Me and Stephanie Brown

I have to start this story with the third Robin, Tim Drake. In his first appearance, A Lonely Place of Dying, by Marv Wolfman, I’d found Tim a bit too conveniently competent. I was supposed to believe that a thirteen year-old boy could do all that? Oh, I believed he had figured out Batman’s identity, that never seemed like a terribly well kept secret, but I couldn’t believe he’d traveled to New York and back, and more incredibly to me, made it outside of city limits to watch Batman fight over the reservoir, all on his bike!
(This, by the way, is the story-line in which Tim bluffs his way into the manor, and then, against Batman’s direct order, steals the Robin suit from Jason’s case and wears it out to fight crime, becoming Robin of his own resort, as it were.)
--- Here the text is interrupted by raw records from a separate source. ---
lemma oP1_if_controlled:
  assumes "oP1 M E" "oP1 M F"
    and control: "\<And>\<epsilon>. 0 < \<epsilon> \<Longrightarrow> \<exists>t>0. eventually (\<lambda>n. \<forall>\<omega>\<in>space M.
      \<bar>E n \<omega>\<bar> \<le> t \<longrightarrow> \<bar>F n \<omega>\<bar> \<le> t \<longrightarrow> \<bar>X n \<omega>\<bar> \<le> \<epsilon>) sequentially"
  shows "oP1 M X"
  unfolding oP1_def
proof (intro allI impI)
  fix \<epsilon> \<delta> :: real assume "0 < \<epsilon>" "0 < \<delta>"
  obtain t where "0 < t" and controlled: "eventually (\<lambda>n. \<forall>\<omega>\<in>space M.
      \<bar>E n \<omega>\<bar> \<le> t \<longrightarrow> \<bar>F n \<omega>\<bar> \<le> t \<longrightarrow> \<bar>X n \<omega>\<bar> \<le> \<epsilon>) sequentially"
    using control[OF \<open>0 < \<epsilon>\<close>] by blast
  have "0 < \<delta> / 2" using \<open>0 < \<delta>\<close> by simp
  then have "eventually (\<lambda>n. \<exists>A\<in>sets M. measure M A < \<delta> / 2 \<and> {\<omega>\<in>space M. t < \<bar>E n \<omega>\<bar>} \<subseteq> A) sequentially"
    and "eventually (\<lambda>n. \<exists>A\<in>sets M. measure M A < \<delta> / 2 \<and> {\<omega>\<in>space M. t < \<bar>F n \<omega>\<bar>} \<subseteq> A) sequentially"
    using assms(1,2) \<open>0 < t\<close> unfolding oP1_def by blast+
  then show "eventually (\<lambda>n. \<exists>A\<in>sets M. measure M A < \<delta> \<and> {\<omega>\<in>space M. \<epsilon> < \<bar>X n \<omega>\<bar>} \<subseteq> A) sequentially"
    using controlled
  proof eventually_elim
    case (elim n)
    then obtain A B where "A \<in> sets M" "B \<in> sets M" "measure M A < \<delta> / 2" "measure M B < \<delta> / 2"
      and "{\<omega>\<in>space M. t < \<bar>E n \<omega>\<bar>} \<subseteq> A" "{\<omega>\<in>space M. t < \<bar>F n \<omega>\<bar>} \<subseteq> B"
      by blast
    moreover from this have "{\<omega>\<in>space M. \<epsilon> < \<bar>X n \<omega>\<bar>} \<subseteq> A \<union> B"
      using elim(3) by force
    moreover have "measure M (A \<union> B) \<le> measure M A + measure M B"
      using \<open>A \<in> sets M\<close> \<open>B \<in> sets M\<close> by (rule measure_Un_le)
    ultimately show ?case by (intro bexI[of _ "A \<union> B"]) auto
  qed
qed

lemma le_if_abs_SUP_le:
  fixes f :: "'b \<Rightarrow> real"
  assumes "finite S" "x \<in> S" "\<bar>SUP y\<in>S. f y\<bar> \<le> t"
  shows "f x \<le> t"
  using cSUP_upper[of x S f] assms by (simp add: bdd_above_finite)

theorem proposition2p4:
  fixes M :: "'a measure"
    and d_noisy d_clean :: "nat \<Rightarrow> 'a \<Rightarrow> nat \<Rightarrow> nat \<Rightarrow> real"
    and \<xi> :: "nat \<Rightarrow> real"
    and \<nu> :: real
    and G Gt :: "nat \<Rightarrow> 'a \<Rightarrow> nat \<Rightarrow> nat \<Rightarrow> real^'k^'k"
  assumes "prob_space M"
    and "\<nu> > 0"
    and "\<And>n \<omega> i j. d_noisy n \<omega> i j \<ge> 0"
    and "\<And>n \<omega> i j. d_clean n \<omega> i j \<ge> 0"
    and "oP1 M (\<lambda>n \<omega>. SUP p\<in>{(i, j). i < n \<and> j < n \<and> i \<noteq> j}.
           \<bar>(d_noisy n \<omega> (fst p) (snd p))\<^sup>2 - (d_clean n \<omega> (fst p) (snd p))\<^sup>2 - \<xi> n\<bar>)"
    and "\<exists>C>0. \<forall>n. \<forall>\<omega>\<in>space M. \<forall>i<n. \<forall>j<n.
           frob (G n \<omega> i j) \<le> C \<and> frob (Gt n \<omega> i j) \<le> C"
    and "oP1 M (\<lambda>n \<omega>. SUP p\<in>{(i, j). i < n \<and> j < n}.
           frob (Gt n \<omega> (fst p) (snd p) - G n \<omega> (fst p) (snd p)))"
    and "\<exists>\<gamma>>0. eventually (\<lambda>n. \<forall>\<omega>\<in>space M. \<forall>i<n.
           (1 / real n) * (\<Sum>j\<in>{..<n} - {i}. exp (- (d_clean n \<omega> i j)\<^sup>2 / \<nu>)) > \<gamma>) sequentially"
  shows "oP1 M (\<lambda>n \<omega>. op_norm n (\<lambda>i j.
           Lmat n (\<lambda>i j. exp (- (d_clean n \<omega> i j)\<^sup>2 / \<nu>)) (G n \<omega>) i j
         - L0mat n (\<lambda>i j. exp (- (d_noisy n \<omega> i j)\<^sup>2 / \<nu>)) (Gt n \<omega>) i j))"
proof (rule oP1_if_controlled[OF assms(5,7)], goal_cases)
  case (1 \<epsilon>)
  obtain C where "0 < C" and G_le: "\<forall>n. \<forall>\<omega>\<in>space M. \<forall>i<n. \<forall>j<n. frob (G n \<omega> i j) \<le> C"
    using assms(6) by blast
  obtain \<gamma> where "0 < \<gamma>" and row_sum: "eventually (\<lambda>n. \<forall>\<omega>\<in>space M. \<forall>i<n.
      (1 / real n) * (\<Sum>j\<in>{..<n} - {i}. exp (- (d_clean n \<omega> i j)\<^sup>2 / \<nu>)) > \<gamma>) sequentially"
    using assms(8) by blast
  obtain t where "0 < t" and bound_le: "eventually (\<lambda>n. sqrt (((((exp (t / \<nu>))\<^sup>2 - 1) * C
      + (exp (t / \<nu>))\<^sup>2 * t) / \<gamma>)\<^sup>2 + C\<^sup>2 / (real n * \<gamma>\<^sup>2)) \<le> \<epsilon>) sequentially"
    using gaussian_bound_eventually_le[OF \<open>0 < \<nu>\<close> \<open>0 < \<gamma>\<close> \<open>0 < \<epsilon>\<close>] by blast
  show ?case
  proof (intro exI[of _ t] conjI \<open>0 < t\<close>, goal_cases)
    case 1
    show ?case using bound_le row_sum eventually_gt_at_top[of 0]
    proof eventually_elim
      case (elim n)
      have finite_pairs: "finite {(i, j). i < n \<and> j < n \<and> i \<noteq> j}" "finite {(i, j). i < n \<and> j < n}"
        by (auto intro: finite_subset[of _ "{..<n} \<times> {..<n}"])
      show ?case
      proof (intro ballI impI, goal_cases)
        case (1 \<omega>)
        have sq_dist: "\<forall>i<n. \<forall>j<n. i \<noteq> j \<longrightarrow> \<bar>(d_noisy n \<omega> i j)\<^sup>2 - (d_clean n \<omega> i j)\<^sup>2 - \<xi> n\<bar> \<le> t"
          using le_if_abs_SUP_le[OF finite_pairs(1) _ 1(2)] by fastforce
        have G_diff_le: "\<forall>i<n. \<forall>j<n. frob (G n \<omega> i j) \<le> C \<and> frob (Gt n \<omega> i j - G n \<omega> i j) \<le> t"
          using le_if_abs_SUP_le[OF finite_pairs(2) _ 1(3)] G_le 1(1) by fastforce
        show ?case
          by (rule order_trans[OF abs_op_norm_gaussian_L_diff_le[where \<gamma> = \<gamma> and C = C and t = t] elim(1)])
            (use sq_dist G_diff_le elim 1(1) \<open>0 < \<nu>\<close> \<open>0 < \<gamma>\<close> \<open>0 < C\<close> \<open>0 < t\<close> in auto)
      qed
    qed
  qed
qed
I first fell in love with Tim Drake in Rite of Passage, a mini by Alan Grant. In this story, I found the Tim I would imprint on like a young duckling. Tim was entirely aware of all the ways he was inadequate; he was supposed to be a partner to Batman? Tim was terrified, had nightmares of being eaten by a giant looming bat, and reacted by training harder. He knew he wasn’t good enough, but he was determined to be the best he could be. No one was harder on Tim than Tim was on himself. He was determined to be a Robin worthy of the name, but half-certain he would fail.
And then Stephanie Brown showed up. I resented the hell out of her. Tim hadn’t considered himself worthy of the name of Robin until he’d travelled the world training from the living masters; Steph thought a cape and a code-name was all she needed to be a costumed vigilante. Tim was willing (and eager!) to learn from those who had been in the business longer than him; Steph wanted to do everything her own way, and frequently screwed up. Oh, how she screwed up. She couldn’t climb as well as Tim, she couldn’t fight as well, she wasn’t as meticulously devoted to detail in fact, she seemed to think the whole thing should be fun!
Steph
And, the most petty reason of all for disliking her, she stole panels from Tim. She shared the limelight! She sometimes got whole story-lines dedicated to her stupid family. She pestered Tim to have a social life, when I wanted to see his freaky crime-fighting brain.
A diversion: some women of my acquaintance just can’t identify with a male character. They can like, enjoy, or sympathize with them, but they can’t identify with them. I think I’m being clear here that I’m not one of those women. It’s not really something I consider a special ability, but I’m actually more likely to identify with male characters than female.
I eventually got over my resentment of Steph, a little. She seemed to be making Tim happy, and she was getting better at the vigilante gig, which did a lot to reconcile me to her. She got some really good story-lines, from Peter David in Young Justice, in Batgirl, and from Jon Lewis in Robin.
But when I heard that Stephanie Brown would be replacing Tim as Robin, all my resentment came back. How did she think she could even compare to Tim as Robin? Why was DC taking away the best Robin ever (I don’t claim to be impartial) and replacing him with someone who was still learning how to use a grappling hook? It didn’t help that the textual reasons given for Tim leaving the position of Robin depended on Tim making a series of mistakes I saw as stupid and uncharacteristic of him.
I would later learn that editors at DC had mandated that Steph be killed, and Robin writer Bill Willingham had decided to make her Robin before her death. Thank you, Mr. Willingham.
My point is: DC, I was on your side. I didn’t like Steph as Robin. I half-resented her. I wanted her out of there.
But even I, who had a low opinion of Steph, could not believe how badly she was treated in the story leading to her death and the aftermath. I could not believe that she was tortured to death, slowly, over multiple issues. I couldn’t fathom that Steph would set in place a plan that she didn’t really understand, and which clearly had so much room for drastic, fatal error.
And I could not, and still do not believe that Batman would use her as a tool to get Tim Drake back as Robin. I was baffled that the Batman who appeared in Detective Comics after her death would agonize over whether he shared responsibility for the death of Cassie Wells, a walk on character with whom he shared a brief conversation. Had he completely forgotten that his lack of faith in Steph was instrumental in her death? It seemed calculated to rub in how unimportant Steph was; one poor young blonde girl dies, no one talks about it, a rich young blonde girl dies, she gets a twelve part exploration of Bruce’s guilt.
Kevin at beaucoupkevin says: ‘A glass case being drawn into a single location won’t change anything substantial in the medium, will it? It’s not a solution; only a reminder that there was a problem.’
Shoving it under the carpet isn’t a solution either. There needs to be a reminder. DC comics seems all too eager to forget.